WHAT THE TASK ASKS:
Copy out every line of the data where the word "refl" is found.

DATA FOR THIS EXERCISE:
------------------------------------------------------------------------

lemma word_factors_matched_pair:
  assumes "dyck c"
  shows "word_factors (a @ (i', k', True) # c @ (i, k, False) # b) 0 m =
    (if m = word_deg b then word_factors a (word_deg b) m ** ((matunit i' k' ** matunit k i) ** word_factors b 0 m)
     else word_factors a (word_deg b) m ** (word_factors c (word_deg b + 1) m ** word_factors b 0 m))"
  using dyck_word_deg[OF assms] dyck_factors_below[OF assms, of "word_deg b" "word_deg b + 1"]
  by (auto simp: word_factors_append matrix_mul_assoc algebra_simps)

lemma haar_h_matched_pair:
  assumes "dyck c"
  shows "haar_h (a @ (i', k', True) # c @ (i, k, False) # b) =
    (if k = k' then haar_h (a @ (i', l, True) # c @ (i, l, False) # b) else 0)"
proof (cases "k = k'")
  case True
  then have "word_factors (a @ (i', k', True) # c @ (i, k, False) # b) 0 =
      word_factors (a @ (i', l, True) # c @ (i, l, False) # b) 0"
    by (simp add: fun_eq_iff word_factors_matched_pair[OF assms] matunit_mult)
  with True show ?thesis by (simp add: haar_h_eq)
next
  case False
  then have "trace_prod (word_factors (a @ (i', k', True) # c @ (i, k, False) # b) 0) = 0"
    by (intro trace_prod_eq_0[OF finite_word_factors_support, where p = "word_deg b"])
      (simp add: word_factors_matched_pair[OF assms] matunit_mult)
  with False show ?thesis by (simp add: haar_h_eq)
qed

lemma sum_haar_h_matched_pair:
  assumes rel: "respects_relations \<phi>" and "dyck c"
  shows "(\<Sum>k'\<in>UNIV. \<Sum>k\<in>UNIV. haar_h (a @ (i', k', True) # c @ (i, k, False) # b) *
            \<phi> (a' @ (k', j', True) # (k, j, False) # b'))
       = haar_h (a @ (i', j', True) # c @ (i, j, False) # b) * \<phi> (a' @ b')"
proof -
  define H where "H = haar_h (a @ (i', j, True) # c @ (i, j, False) # b)"
  have H: "haar_h (a @ (i', k', True) # c @ (i, k, False) # b) = (if k = k' then H else 0)" for k k'
    unfolding H_def by (rule haar_h_matched_pair[OF assms(2)])
  have "(\<Sum>k'\<in>UNIV. \<Sum>k\<in>UNIV. haar_h (a @ (i', k', True) # c @ (i, k, False) # b) *
            \<phi> (a' @ (k', j', True) # (k, j, False) # b'))
      = (\<Sum>k'\<in>UNIV. H * \<phi> (a' @ [(k', j', True), (k', j, False)] @ b'))"
    by (simp add: H if_distrib if_distribR cong: if_cong)
  also have "\<dots> = H * (if j' = j then \<phi> (a' @ b') else 0)"
    using rel unfolding respects_relations_def by (simp add: sum_distrib_left[symmetric])
  also have "\<dots> = haar_h (a @ (i', j', True) # c @ (i, j, False) # b) * \<phi> (a' @ b')"
    using H[of j' j] by (simp add: H_def)
  finally show ?thesis .
qed

section \<open>Contracting matched pairs in the convolution\<close>

(* In partial_conv, a Free letter u_ij contributes u_ik to the argument of haar_h and u_kj to that
   of phi, with k summed over; a Fixed letter goes to haar_h unchanged. *)
datatype 'n slot = Free "'n letter" | Fixed "'n letter"

fun count_free :: "'n slot list \<Rightarrow> nat" where
  "count_free [] = 0"
| "count_free (Free l # ws) = Suc (count_free ws)"
| "count_free (Fixed l # ws) = count_free ws"

fun fill_left :: "'n slot list \<Rightarrow> 'n list \<Rightarrow> 'n word" where
  "fill_left [] ks = []"
| "fill_left (Fixed l # ws) ks = l # fill_left ws ks"
| "fill_left (Free (i, j, e) # ws) ks = (i, hd ks, e) # fill_left ws (tl ks)"

fun fill_right :: "'n slot list \<Rightarrow> 'n list \<Rightarrow> 'n word" where
  "fill_right [] ks = []"
| "fill_right (Fixed l # ws) ks = fill_right ws ks"
| "fill_right (Free (i, j, e) # ws) ks = (hd ks, j, e) # fill_right ws (tl ks)"

lemma count_free_append [simp]: "count_free (A @ B) = count_free A + count_free B"
proof (induction A)
  case (Cons s A) then show ?case by (cases s) auto
qed simp

lemma count_free_map [simp]: "count_free (map Fixed c) = 0" "count_free (map Free c) = length c"
  by (induction c) auto

lemma fill_append:
  "length ks = count_free A \<Longrightarrow> fill_left (A @ R) (ks @ ks') = fill_left A ks @ fill_left R ks'"
  "length ks = count_free A \<Longrightarrow> fill_right (A @ R) (ks @ ks') = fill_right A ks @ fill_right R ks'"
proof (induction A arbitrary: ks)
  case (Cons s A)
  {
    case 1
    show ?case
    proof (cases s)
      case (Free l)
      with 1 Cons(1)[of "tl ks"] show ?thesis by (cases l, cases ks) auto
    qed (use 1 Cons(1) in simp)
  next
    case 2
    show ?case
    proof (cases s)
      case (Free l)
      with 2 Cons(2)[of "tl ks"] show ?thesis by (cases l, cases ks) auto
    qed (use 2 Cons(2) in simp)
  }
qed simp_all

lemma fill_map_Fixed [simp]:
  "fill_left (map Fixed c @ R) ks = c @ fill_left R ks" "fill_right (map Fixed c @ R) ks = fill_right R ks"
  "fill_left (map Fixed c) ks = c" "fill_right (map Fixed c) ks = []"
  by (induction c) auto

abbreviation with_second_index :: "'n letter \<Rightarrow> 'n \<Rightarrow> 'n letter" where
  "with_second_index \<equiv> \<lambda>(i, j, e) k. (i, k, e)"

abbreviation with_first_index :: "'n letter \<Rightarrow> 'n \<Rightarrow> 'n letter" where
  "with_first_index \<equiv> \<lambda>(i, j, e) k. (k, j, e)"

lemma fill_map_Free:
  "length ks = length w \<Longrightarrow>
     fill_left (map Free w) ks = map2 with_second_index w ks \<and>
     fill_right (map Free w) ks = map2 with_first_index w ks"
proof (induction w arbitrary: ks)
  case (Cons l w)
  then show ?case by (cases l, cases ks) auto
qed simp

lemma sum_lists_length_Suc:
  "(\<Sum>ks\<in>{ks. length ks = Suc n}. f ks) = (\<Sum>k\<in>(UNIV::'a::finite set). \<Sum>ks\<in>{ks. length ks = n}. f (k # ks))"
proof -
  have "(\<Sum>ks\<in>{ks. length ks = Suc n}. f ks) = (\<Sum>(k, ks)\<in>UNIV \<times> {ks. length ks = n}. f (k # ks))"
    by (rule sum.reindex_bij_witness[of _ "\<lambda>(k, ks). k # ks" "\<lambda>ks. (hd ks, tl ks)"])
      (auto simp: length_Suc_conv)
  then show ?thesis by (simp add: sum.cartesian_product)
qed

lemma sum_lists_length_add:
  "(\<Sum>ks\<in>{ks. length ks = a + b}. f ks) =
   (\<Sum>xs\<in>{xs. length xs = a}. \<Sum>ys\<in>{ys. length ys = b}. f (xs @ (ys :: 'a::finite list)))"
proof (induction a arbitrary: f)
  case 0
  have "{xs :: 'a list. length xs = 0} = {[]}" by auto
  then show ?case by simp
next
  case (Suc a)
  then show ?case by (simp add: sum_lists_length_Suc)
qed

definition partial_conv :: "('n::finite) functional \<Rightarrow> 'n slot list \<Rightarrow> complex" where
  "partial_conv \<phi> ws = (\<Sum>ks\<in>{ks. length ks = count_free ws}. haar_h (fill_left ws ks) * \<phi> (fill_right ws ks))"

lemma partial_conv_Fixed: "\<phi> [] = 1 \<Longrightarrow> partial_conv \<phi> (map Fixed w) = haar_h w"
  by (simp add: partial_conv_def)

lemma partial_conv_Free: "partial_conv \<phi> (map Free w) = tconv haar_h \<phi> w"
  unfolding partial_conv_def tconv_def by (rule sum.cong) (auto simp: fill_map_Free)

lemma partial_conv_fix_pair:
  assumes "respects_relations \<phi>" and "dyck c"
  shows "partial_conv \<phi> (A @ Free (i', j', True) # map Fixed c @ Free (i, j, False) # B) =
         partial_conv \<phi> (A @ Fixed (i', j', True) # map Fixed c @ Fixed (i, j, False) # B)"
  (is "partial_conv \<phi> ?L = partial_conv \<phi> ?R")
proof -
  have count_L: "count_free ?L = count_free A + Suc (Suc (count_free B))" by simp
  have count_R: "count_free ?R = count_free A + count_free B" by simp
  have "partial_conv \<phi> ?L = (\<Sum>ks\<in>{ks. length ks = count_free A}. \<Sum>ks'\<in>{ks. length ks = Suc (Suc (count_free B))}.
      haar_h (fill_left ?L (ks @ ks')) * \<phi> (fill_right ?L (ks @ ks')))"
    unfolding partial_conv_def count_L by (rule sum_lists_length_add)
  also have "\<dots> = (\<Sum>ks\<in>{ks. length ks = count_free A}. \<Sum>k'\<in>UNIV. \<Sum>k\<in>UNIV.
      \<Sum>ks'\<in>{ks. length ks = count_free B}.
        haar_h (fill_left A ks @ (i', k', True) # c @ (i, k, False) # fill_left B ks') *
        \<phi> (fill_right A ks @ (k', j', True) # (k, j, False) # fill_right B ks'))"
    by (rule sum.cong[OF refl]) (simp add: sum_lists_length_Suc fill_append)
  also have "\<dots> = (\<Sum>ks\<in>{ks. length ks = count_free A}. \<Sum>ks'\<in>{ks. length ks = count_free B}.
      \<Sum>k'\<in>UNIV. \<Sum>k\<in>UNIV.
        haar_h (fill_left A ks @ (i', k', True) # c @ (i, k, False) # fill_left B ks') *
        \<phi> (fill_right A ks @ (k', j', True) # (k, j, False) # fill_right B ks'))"
    by (rule sum.cong[OF refl]) (simp add: sum.swap[of _ _ "{ks. length ks = count_free B}"])
  also have "\<dots> = (\<Sum>ks\<in>{ks. length ks = count_free A}. \<Sum>ks'\<in>{ks. length ks = count_free B}.
        haar_h (fill_left A ks @ (i', j', True) # c @ (i, j, False) # fill_left B ks') *
        \<phi> (fill_right A ks @ fill_right B ks'))"
    by (simp add: sum_haar_h_matched_pair[OF assms])
  also have "\<dots> = partial_conv \<phi> ?R"
    unfolding partial_conv_def count_R sum_lists_length_add by (intro sum.cong refl) (simp add: fill_append)
  finally show ?thesis .
qed

lemma partial_conv_fix_dyck:
  assumes "respects_relations \<phi>"
  shows "dyck D \<Longrightarrow> partial_conv \<phi> (P @ map Free D @ S) = partial_conv \<phi> (P @ map Fixed D @ S)"
proof (induction D arbitrary: P S rule: dyck.induct)
  case (dyck_nest D1 D2 a b c d)
  have "partial_conv \<phi> (P @ map Free (D2 @ [(a, b, True)] @ D1 @ [(c, d, False)]) @ S)
      = partial_conv \<phi> ((P @ map Free D2 @ [Free (a, b, True)]) @ map Free D1 @ Free (c, d, False) # S)"
    by simp
  also have "\<dots> = partial_conv \<phi> ((P @ map Free D2 @ [Free (a, b, True)]) @ map Fixed D1 @ Free (c, d, False) # S)"
    by (rule dyck_nest.IH(1))
  also have "\<dots> = partial_conv \<phi> ((P @ map Free D2) @ Free (a, b, True) # map Fixed D1 @ Free (c, d, False) # S)"
    by simp
  also have "\<dots> = partial_conv \<phi> ((P @ map Free D2) @ Fixed (a, b, True) # map Fixed D1 @ Fixed (c, d, False) # S)"
    by (rule partial_conv_fix_pair[OF assms dyck_nest.hyps(1)])
  also have "\<dots> = partial_conv \<phi> (P @ map Free D2 @ Fixed (a, b, True) # map Fixed D1 @ Fixed (c, d, False) # S)"
    by simp
  also have "\<dots> = partial_conv \<phi> (P @ map Fixed D2 @ Fixed (a, b, True) # map Fixed D1 @ Fixed (c, d, False) # S)"
    by (rule dyck_nest.IH(2))
  also have "\<dots> = partial_conv \<phi> (P @ map Fixed (D2 @ [(a, b, True)] @ D1 @ [(c, d, False)]) @ S)"
    by simp
  finally show ?case .
qed simp

section \<open>Rotating a word of degree zero into a Dyck word\<close>

definition suffix_nonneg :: "'n word \<Rightarrow> bool" where
  "suffix_nonneg w \<longleftrightarrow> (\<forall>k. word_deg (drop k w) \<ge> 0)"

lemma suffix_nonneg_Cons: "suffix_nonneg (l # w) \<longleftrightarrow> suffix_nonneg w \<and> word_deg (l # w) \<ge> 0"
  unfolding suffix_nonneg_def
proof (intro iffI conjI allI)
  assume "\<forall>k. 0 \<le> word_deg (drop k (l # w))"
  then show "0 \<le> word_deg (drop k w)" "0 \<le> word_deg (l # w)" for k
    by (metis drop_Suc_Cons, metis drop0)
next
  assume "(\<forall>k. 0 \<le> word_deg (drop k w)) \<and> 0 \<le> word_deg (l # w)"
  then show "0 \<le> word_deg (drop k (l # w))" for k by (cases k) auto
qed

(* dyck_chain m w: w = D_m u D_(m-1) u ... u D_0 with Dyck words D_i, so j(w) raises the level by m. *)
inductive dyck_chain :: "nat \<Rightarrow> 'n word \<Rightarrow> bool" where
  dyck_chain_0: "dyck D \<Longrightarrow> dyck_chain 0 D"
| dyck_chain_Suc: "dyck D \<Longrightarrow> dyck_chain m w \<Longrightarrow> dyck_chain (Suc m) (D @ [(a, b, False)] @ w)"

------------------------------------------------------------------------

RESULT BELOW:
    by (rule sum.cong[OF refl]) (simp add: sum_lists_length_Suc fill_append)
    by (rule sum.cong[OF refl]) (simp add: sum.swap[of _ _ "{ks. length ks = count_free B}"])
    unfolding partial_conv_def count_R sum_lists_length_add by (intro sum.cong refl) (simp add: fill_append)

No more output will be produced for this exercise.